**Work instructions:** Look through the lines below and extract each one that contains "PVar".

**Data:**
"""
(* Let $\mathcal{M}=\langle S;\{R_i\}_{i\in I}\rangle$ be a model, $I$ an $\mathcal{M}$-interpretation, $\Gamma=\{x_i:A_i\}_{1\le i\le n}$, $\Delta=\{a_j:B_j\}_{1\le j\le m}$, $u_i\in I(A_i)$ for $1\le i\le n$, and $\bar v_j\in I(B_j)^\perp$ for $1\le j\le m$. If $\Gamma\vdash t:A;\Delta$, then $t[x_1:=u_1,\dots,x_n:=u_n,a_1:=^*\bar v_1,\dots,a_m:=^*\bar v_m]\in I(A)$.
   Context: Formulas are built from propositional variables and $\perp$ using $\to,\wedge,\vee$. Terms $\mathcal{T}$ and $\mathcal{E}$-terms: with disjoint sets $\mathcal{X}$ ($\lambda$-variables) and $\mathcal{A}$ ($\mu$-variables), $\mathcal{T} ::= x \mid \lambda x.\mathcal{T} \mid (\mathcal{T}\ \mathcal{E}) \mid \langle \mathcal{T},\mathcal{T}\rangle \mid \omega_1\mathcal{T} \mid \omega_2\mathcal{T} \mid \mu a.\mathcal{T} \mid (a\ \mathcal{T})$ and $\mathcal{E} ::= \mathcal{T} \mid \pi_1 \mid \pi_2 \mid [x.\mathcal{T}, y.\mathcal{T}]$. Typing judgements $\Gamma\vdash t:A;\Delta$ are generated by: $\Gamma,x:A\vdash x:A;\Delta$; from $\Gamma,x:A\vdash t:B;\Delta$ infer $\Gamma\vdash\lambda x.t:A\to B;\Delta$; from $\Gamma\vdash u:A\to B;\Delta$ and $\Gamma\vdash v:A;\Delta$ infer $\Gamma\vdash(u\ v):B;\Delta$; from $\Gamma\vdash u:A;\Delta$, $\Gamma\vdash v:B;\Delta$ infer $\Gamma\vdash\langle u,v\rangle:A\wedge B;\Delta$; from $\Gamma\vdash t:A\wedge B;\Delta$ infer $\Gamma\vdash(t\ \pi_1):A;\Delta$ and $\Gamma\vdash(t\ \pi_2):B;\Delta$; from $\Gamma\vdash t:A;\Delta$ infer $\Gamma\vdash\omega_1t:A\vee B;\Delta$; from $\Gamma\vdash t:B;\Delta$ infer $\Gamma\vdash\omega_2t:A\vee B;\Delta$; from $\Gamma\vdash t:A\vee B;\Delta$, $\Gamma,x:A\vdash u:C;\Delta$, $\Gamma,y:B\vdash v:C;\Delta$ infer $\Gamma\vdash(t\ [x.u,y.v]):C;\Delta$; from $\Gamma\vdash t:A;\Delta,a:A$ infer $\Gamma\vdash(a\ t):\perp;\Delta,a:A$; from $\Gamma\vdash t:\perp;\Delta,a:A$ infer $\Gamma\vdash\mu a.t:A;\Delta$. Reduction $\triangleright$ is the compatible closure of: $(\lambda x.u\ v)\triangleright u[x:=v]$; $(\langle t_1,t_2\rangle\ \pi_i)\triangleright t_i$; $(\omega_i t\ [x_1.u_1,x_2.u_2])\triangleright u_i[x_i:=t]$; $((t\ [x_1.u_1,x_2.u_2])\ \varepsilon)\triangleright(t\ [x_1.(u_1\ \varepsilon),x_2.(u_2\ \varepsilon)])$; $(\mu a.t\ \varepsilon)\triangleright\mu a.t[a:=^*\varepsilon]$; $\triangleright^*$ is its reflexive-transitive closure. $\mathcal{E}^{<\omega}$ is the set of finite sequences of $\mathcal{E}$-terms; for $\bar w=w_1\dots w_n$, $(t\ \bar w)$ is $t$ if $n=0$ and $((t\ w_1)\ w_2\dots w_n)$ otherwise; $t[a:=^*\bar w]$ is obtained from $t$ by replacing inductively each subterm $(a\ v)$ by $(a\ (v\ \bar w))$. For $X\subseteq\mathcal{E}^{<\omega}$ and a set of terms $S$, $X\to S=\{t\mid (t\ \bar w)\in S\ \forall\bar w\in X\}$. A set of terms $S$ is $\mu$-saturated if (i) $u\in S$ and $v\triangleright^* u$ imply $v\in S$, and (ii) $t\in S$, $a\in\mathcal{A}$ imply $\mu a.t\in S$ and $(a\ t)\in S$. For sets of terms $K,L$ and fixed $\mu$-saturated $S$: $K\to L=\{t\mid (t\ u)\in L\ \forall u\in K\}$; $K\wedge L=\{t\mid (t\ \pi_1)\in K,\ (t\ \pi_2)\in L\}$; $K\vee L=\{t\mid$ for all $x,y,u,v$: if $u[x:=r]\in S$ and $v[y:=s]\in S$ for all $r\in K,s\in L$, then $(t\ [x.u,y.v])\in S\}$. A model $\mathcal{M}=\langle S;\{R_i\}_{i\in I}\rangle$ ($S$ $\mu$-saturated, each $R_i=X_i\to S$ with $X_i\subseteq\mathcal{E}^{<\omega}$) is the smallest set of sets of terms containing $S$ and all $R_i$ and closed under $\to,\wedge,\vee$. For $G\in\mathcal{M}$, $G^\perp=\bigcup\{X\subseteq\mathcal{E}^{<\omega}\mid G=X\to S\}$. An $\mathcal{M}$-interpretation is a map $I$ from propositional variables to $\mathcal{M}$, extended by $I(\perp)=S$, $I(A\to B)=I(A)\to I(B)$, $I(A\wedge B)=I(A)\wedge I(B)$, $I(A\vee B)=I(A)\vee I(B)$. *)

theory Defs
  imports Main
begin

datatype form = PVar nat | Bot | Imp form form | Conj form form | Disj form form

section \<open>Terms (de Bruijn indices; two separate index spaces)\<close>

text \<open>Var i : lambda-variable with index i; MVar a t : the term (a t) for the mu-variable
  with index a. Binders: Lam binds lambda-index 0; Mu binds mu-index 0;
  Case u v is the E-term [x.u, y.v], where x (resp. y) is lambda-index 0 in u (resp. v).\<close>

datatype trm = Var nat | Lam trm | App trm elim | Pair trm trm | Inj1 trm | Inj2 trm
  | Mu trm | MVar nat trm
and elim = ETrm trm | Proj1 | Proj2 | Case trm trm

definition up :: "(nat \<Rightarrow> nat) \<Rightarrow> nat \<Rightarrow> nat" where
  "up f i = (case i of 0 \<Rightarrow> 0 | Suc j \<Rightarrow> Suc (f j))"

definition scons :: "'a \<Rightarrow> (nat \<Rightarrow> 'a) \<Rightarrow> nat \<Rightarrow> 'a" where
  "scons x f i = (case i of 0 \<Rightarrow> x | Suc j \<Rightarrow> f j)"

primrec ren :: "(nat \<Rightarrow> nat) \<Rightarrow> (nat \<Rightarrow> nat) \<Rightarrow> trm \<Rightarrow> trm"
  and rene :: "(nat \<Rightarrow> nat) \<Rightarrow> (nat \<Rightarrow> nat) \<Rightarrow> elim \<Rightarrow> elim" where
  "ren f g (Var i) = Var (f i)"
| "ren f g (Lam t) = Lam (ren (up f) g t)"
| "ren f g (App t e) = App (ren f g t) (rene f g e)"
| "ren f g (Pair t u) = Pair (ren f g t) (ren f g u)"
| "ren f g (Inj1 t) = Inj1 (ren f g t)"
| "ren f g (Inj2 t) = Inj2 (ren f g t)"
| "ren f g (Mu t) = Mu (ren f (up g) t)"
| "ren f g (MVar a t) = MVar (g a) (ren f g t)"
| "rene f g (ETrm t) = ETrm (ren f g t)"
| "rene f g Proj1 = Proj1"
| "rene f g Proj2 = Proj2"
| "rene f g (Case u v) = Case (ren (up f) g u) (ren (up f) g v)"

primrec apps :: "trm \<Rightarrow> elim list \<Rightarrow> trm" where
  "apps t [] = t"
| "apps t (w # ws) = apps (App t w) ws"

text \<open>Simultaneous substitution t[x_i := sigma i, a_j :=* theta j]: each lambda-variable i is
  replaced by sigma i, and each subterm (a v) is replaced (inductively) by (a (v (theta a))).\<close>
primrec subst :: "(nat \<Rightarrow> trm) \<Rightarrow> (nat \<Rightarrow> elim list) \<Rightarrow> trm \<Rightarrow> trm"
  and subste :: "(nat \<Rightarrow> trm) \<Rightarrow> (nat \<Rightarrow> elim list) \<Rightarrow> elim \<Rightarrow> elim" where
  "subst \<sigma> \<theta> (Var i) = \<sigma> i"
| "subst \<sigma> \<theta> (Lam t) =
     Lam (subst (scons (Var 0) (ren Suc id \<circ> \<sigma>)) (map (rene Suc id) \<circ> \<theta>) t)"
| "subst \<sigma> \<theta> (App t e) = App (subst \<sigma> \<theta> t) (subste \<sigma> \<theta> e)"
| "subst \<sigma> \<theta> (Pair t u) = Pair (subst \<sigma> \<theta> t) (subst \<sigma> \<theta> u)"
| "subst \<sigma> \<theta> (Inj1 t) = Inj1 (subst \<sigma> \<theta> t)"
| "subst \<sigma> \<theta> (Inj2 t) = Inj2 (subst \<sigma> \<theta> t)"
| "subst \<sigma> \<theta> (Mu t) =
     Mu (subst (ren id Suc \<circ> \<sigma>) (scons [] (map (rene id Suc) \<circ> \<theta>)) t)"
| "subst \<sigma> \<theta> (MVar a t) = MVar a (apps (subst \<sigma> \<theta> t) (\<theta> a))"
| "subste \<sigma> \<theta> (ETrm t) = ETrm (subst \<sigma> \<theta> t)"
| "subste \<sigma> \<theta> Proj1 = Proj1"
| "subste \<sigma> \<theta> Proj2 = Proj2"
| "subste \<sigma> \<theta> (Case u v) =
     Case (subst (scons (Var 0) (ren Suc id \<circ> \<sigma>)) (map (rene Suc id) \<circ> \<theta>) u)
          (subst (scons (Var 0) (ren Suc id \<circ> \<sigma>)) (map (rene Suc id) \<circ> \<theta>) v)"

text \<open>u[x:=v], where x is the lambda-index 0 bound by the enclosing binder.\<close>
definition subst0 :: "trm \<Rightarrow> trm \<Rightarrow> trm" where
  "subst0 u v = subst (scons v Var) (\<lambda>_. []) u"

text \<open>t[a:=* eps], where a is the mu-index 0 bound by the enclosing Mu;
  eps comes from outside, so it is shifted under the binder.\<close>
definition msubst0 :: "trm \<Rightarrow> elim \<Rightarrow> trm" where
  "msubst0 t e = subst Var (scons [rene id Suc e] (\<lambda>_. [])) t"

inductive red :: "trm \<Rightarrow> trm \<Rightarrow> bool"
  and rede :: "elim \<Rightarrow> elim \<Rightarrow> bool" where
  beta: "red (App (Lam u) (ETrm v)) (subst0 u v)"
| proj1: "red (App (Pair t1 t2) Proj1) t1"
| proj2: "red (App (Pair t1 t2) Proj2) t2"
| case1: "red (App (Inj1 t) (Case u1 u2)) (subst0 u1 t)"
| case2: "red (App (Inj2 t) (Case u1 u2)) (subst0 u2 t)"
| comm: "red (App (App t (Case u1 u2)) e)
              (App t (Case (App u1 (rene Suc id e)) (App u2 (rene Suc id e))))"
| mu: "red (App (Mu t) e) (Mu (msubst0 t e))"
| c_lam: "red t t' \<Longrightarrow> red (Lam t) (Lam t')"
| c_app1: "red t t' \<Longrightarrow> red (App t e) (App t' e)"
| c_app2: "rede e e' \<Longrightarrow> red (App t e) (App t e')"
| c_pair1: "red t t' \<Longrightarrow> red (Pair t u) (Pair t' u)"
| c_pair2: "red u u' \<Longrightarrow> red (Pair t u) (Pair t u')"
| c_inj1: "red t t' \<Longrightarrow> red (Inj1 t) (Inj1 t')"
| c_inj2: "red t t' \<Longrightarrow> red (Inj2 t) (Inj2 t')"
| c_mu: "red t t' \<Longrightarrow> red (Mu t) (Mu t')"
| c_mvar: "red t t' \<Longrightarrow> red (MVar a t) (MVar a t')"
| ce_trm: "red t t' \<Longrightarrow> rede (ETrm t) (ETrm t')"
| ce_case1: "red u u' \<Longrightarrow> rede (Case u v) (Case u' v)"
| ce_case2: "red v v' \<Longrightarrow> rede (Case u v) (Case u v')"

abbreviation reds :: "trm \<Rightarrow> trm \<Rightarrow> bool" where
  "reds \<equiv> red\<^sup>*\<^sup>*"

type_synonym ctx = "nat \<Rightarrow> form option"

inductive typing :: "ctx \<Rightarrow> trm \<Rightarrow> form \<Rightarrow> ctx \<Rightarrow> bool" where
  ax: "\<Gamma> x = Some A \<Longrightarrow> typing \<Gamma> (Var x) A \<Delta>"
| imp_i: "typing (scons (Some A) \<Gamma>) t B \<Delta> \<Longrightarrow> typing \<Gamma> (Lam t) (Imp A B) \<Delta>"
| imp_e: "typing \<Gamma> u (Imp A B) \<Delta> \<Longrightarrow> typing \<Gamma> v A \<Delta> \<Longrightarrow> typing \<Gamma> (App u (ETrm v)) B \<Delta>"
| conj_i: "typing \<Gamma> u A \<Delta> \<Longrightarrow> typing \<Gamma> v B \<Delta> \<Longrightarrow> typing \<Gamma> (Pair u v) (Conj A B) \<Delta>"
| conj_e1: "typing \<Gamma> t (Conj A B) \<Delta> \<Longrightarrow> typing \<Gamma> (App t Proj1) A \<Delta>"
| conj_e2: "typing \<Gamma> t (Conj A B) \<Delta> \<Longrightarrow> typing \<Gamma> (App t Proj2) B \<Delta>"
| disj_i1: "typing \<Gamma> t A \<Delta> \<Longrightarrow> typing \<Gamma> (Inj1 t) (Disj A B) \<Delta>"
| disj_i2: "typing \<Gamma> t B \<Delta> \<Longrightarrow> typing \<Gamma> (Inj2 t) (Disj A B) \<Delta>"
| disj_e: "typing \<Gamma> t (Disj A B) \<Delta> \<Longrightarrow> typing (scons (Some A) \<Gamma>) u C \<Delta> \<Longrightarrow>
           typing (scons (Some B) \<Gamma>) v C \<Delta> \<Longrightarrow> typing \<Gamma> (App t (Case u v)) C \<Delta>"
| mvar: "\<Delta> a = Some A \<Longrightarrow> typing \<Gamma> t A \<Delta> \<Longrightarrow> typing \<Gamma> (MVar a t) Bot \<Delta>"
| mu: "typing \<Gamma> t Bot (scons (Some A) \<Delta>) \<Longrightarrow> typing \<Gamma> (Mu t) A \<Delta>"

text \<open>(ii) of mu-saturation: binding the free mu-variable with index k by mu.\<close>
definition mu_bind :: "nat \<Rightarrow> trm \<Rightarrow> trm" where
  "mu_bind k t = Mu (ren id (\<lambda>i. if i = k then 0 else Suc i) t)"

definition mu_saturated :: "trm set \<Rightarrow> bool" where
  "mu_saturated S \<longleftrightarrow>
     (\<forall>u v. u \<in> S \<and> reds v u \<longrightarrow> v \<in> S) \<and>
     (\<forall>t a. t \<in> S \<longrightarrow> mu_bind a t \<in> S \<and> MVar a t \<in> S)"

definition seq_arrow :: "elim list set \<Rightarrow> trm set \<Rightarrow> trm set" where
  "seq_arrow X S = {t. \<forall>ws\<in>X. apps t ws \<in> S}"

definition s_imp :: "trm set \<Rightarrow> trm set \<Rightarrow> trm set" where
  "s_imp K L = {t. \<forall>u\<in>K. App t (ETrm u) \<in> L}"

definition s_conj :: "trm set \<Rightarrow> trm set \<Rightarrow> trm set" where
  "s_conj K L = {t. App t Proj1 \<in> K \<and> App t Proj2 \<in> L}"

definition s_disj :: "trm set \<Rightarrow> trm set \<Rightarrow> trm set \<Rightarrow> trm set" where
  "s_disj S K L = {t. \<forall>u v. (\<forall>r\<in>K. subst0 u r \<in> S) \<and> (\<forall>s\<in>L. subst0 v s \<in> S)
                        \<longrightarrow> App t (Case u v) \<in> S}"

text \<open>The model generated by S and R_i = X i \<rightarrow> S.\<close>
inductive_set model :: "trm set \<Rightarrow> ('i \<Rightarrow> elim list set) \<Rightarrow> trm set set"
  for S :: "trm set" and X :: "'i \<Rightarrow> elim list set" where
  base: "S \<in> model S X"
| gen: "seq_arrow (X i) S \<in> model S X"
| imp: "K \<in> model S X \<Longrightarrow> L \<in> model S X \<Longrightarrow> s_imp K L \<in> model S X"
| conj: "K \<in> model S X \<Longrightarrow> L \<in> model S X \<Longrightarrow> s_conj K L \<in> model S X"
| disj: "K \<in> model S X \<Longrightarrow> L \<in> model S X \<Longrightarrow> s_disj S K L \<in> model S X"

definition perp :: "trm set \<Rightarrow> trm set \<Rightarrow> elim list set" where
  "perp S G = \<Union>{Y. G = seq_arrow Y S}"

primrec interp :: "trm set \<Rightarrow> (nat \<Rightarrow> trm set) \<Rightarrow> form \<Rightarrow> trm set" where
  "interp S I (PVar p) = I p"
| "interp S I Bot = S"
| "interp S I (Imp A B) = s_imp (interp S I A) (interp S I B)"
| "interp S I (Conj A B) = s_conj (interp S I A) (interp S I B)"
| "interp S I (Disj A B) = s_disj S (interp S I A) (interp S I B)"

end

theory Submission
  imports Defs
begin

text \<open>
  The mu-rule forces a
  generalisation: the induction hypothesis for the body of Mu leaves the bound
  mu-name free, so it must be renamed to a fresh name k before mu-saturation
  (which only binds free names) can be used.  We therefore prove the statement for
  a substitution that simultaneously renames mu-names by an arbitrary map g
  (gsubst); ordinary substitution is the case g = id.
\<close>

lemma up_simps [simp]: "up f 0 = 0" "up f (Suc j) = Suc (f j)"
  by (simp_all add: up_def)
"""
**Solution to this task:**
datatype form = PVar nat | Bot | Imp form form | Conj form form | Disj form form
  "interp S I (PVar p) = I p"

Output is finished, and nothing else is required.